(* Integrating factor: y(tau) * propagator g p tau t1 has derivative f(tau) * propagator g p tau t1. *)
lemma variation_of_constants_le:
  fixes y g f :: "real \<Rightarrow> real"
  assumes "t0 \<le> t1" and g_cont: "continuous_on {t0..t1} g"
    and y_deriv: "\<And>t. t \<in> {t0..t1} \<Longrightarrow>
      (y has_real_derivative (- p * y t + g t * y t + f t)) (at t within {t0..t1})"
    and f_small: "upper_integral_le (\<lambda>\<tau>. f \<tau> * propagator g p \<tau> t1) {t0..t1} \<delta>"
  shows "y t1 \<le> propagator g p t0 t1 * y t0 + \<delta>"
proof -
  have "((\<lambda>\<tau>. f \<tau> * propagator g p \<tau> t1) has_integral
      (y t1 * propagator g p t1 t1 - y t0 * propagator g p t0 t1)) {t0..t1}"
  proof (rule fundamental_theorem_of_calculus[OF \<open>t0 \<le> t1\<close>])
    fix \<tau> assume \<tau>: "\<tau> \<in> {t0..t1}"
    have "((\<lambda>\<tau>. y \<tau> * propagator g p \<tau> t1) has_real_derivative
        (- p * y \<tau> + g \<tau> * y \<tau> + f \<tau>) * propagator g p \<tau> t1 + (p - g \<tau>) * propagator g p \<tau> t1 * y \<tau>)
        (at \<tau> within {t0..t1})"
      using DERIV_mult[OF y_deriv[OF \<tau>] has_real_derivative_propagator[OF g_cont \<tau>]] .
    moreover have "(- p * y \<tau> + g \<tau> * y \<tau> + f \<tau>) * propagator g p \<tau> t1 + (p - g \<tau>) * propagator g p \<tau> t1 * y \<tau>
        = f \<tau> * propagator g p \<tau> t1"
      by (simp add: algebra_simps)
    ultimately show "((\<lambda>\<tau>. y \<tau> * propagator g p \<tau> t1) has_vector_derivative f \<tau> * propagator g p \<tau> t1)
        (at \<tau> within {t0..t1})"
      by (simp add: has_real_derivative_iff_has_vector_derivative)
  qed
  then have "((\<lambda>\<tau>. f \<tau> * propagator g p \<tau> t1) has_integral
      (y t1 - y t0 * propagator g p t0 t1)) {t0..t1}"
    by simp
  moreover obtain m where "m integrable_on {t0..t1}" "integral {t0..t1} m \<le> \<delta>"
    "\<And>\<tau>. \<tau> \<in> {t0..t1} \<Longrightarrow> f \<tau> * propagator g p \<tau> t1 \<le> m \<tau>"
    using f_small unfolding upper_integral_le_def by blast
  ultimately have "y t1 - y t0 * propagator g p t0 t1 \<le> integral {t0..t1} m"
    using has_integral_le has_integral_integral by blast
  with \<open>integral {t0..t1} m \<le> \<delta>\<close> show ?thesis
    by (simp add: algebra_simps)
qed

▶ What you will do
Emit, unaltered, the lines from the top of the listing down through the line that holds "(y has_real_derivative (- p"; emit nothing else.

▶ Answer to this problem
(* Integrating factor: y(tau) * propagator g p tau t1 has derivative f(tau) * propagator g p tau t1. *)
lemma variation_of_constants_le:
  fixes y g f :: "real \<Rightarrow> real"
  assumes "t0 \<le> t1" and g_cont: "continuous_on {t0..t1} g"
    and y_deriv: "\<And>t. t \<in> {t0..t1} \<Longrightarrow>
      (y has_real_derivative (- p * y t + g t * y t + f t)) (at t within {t0..t1})"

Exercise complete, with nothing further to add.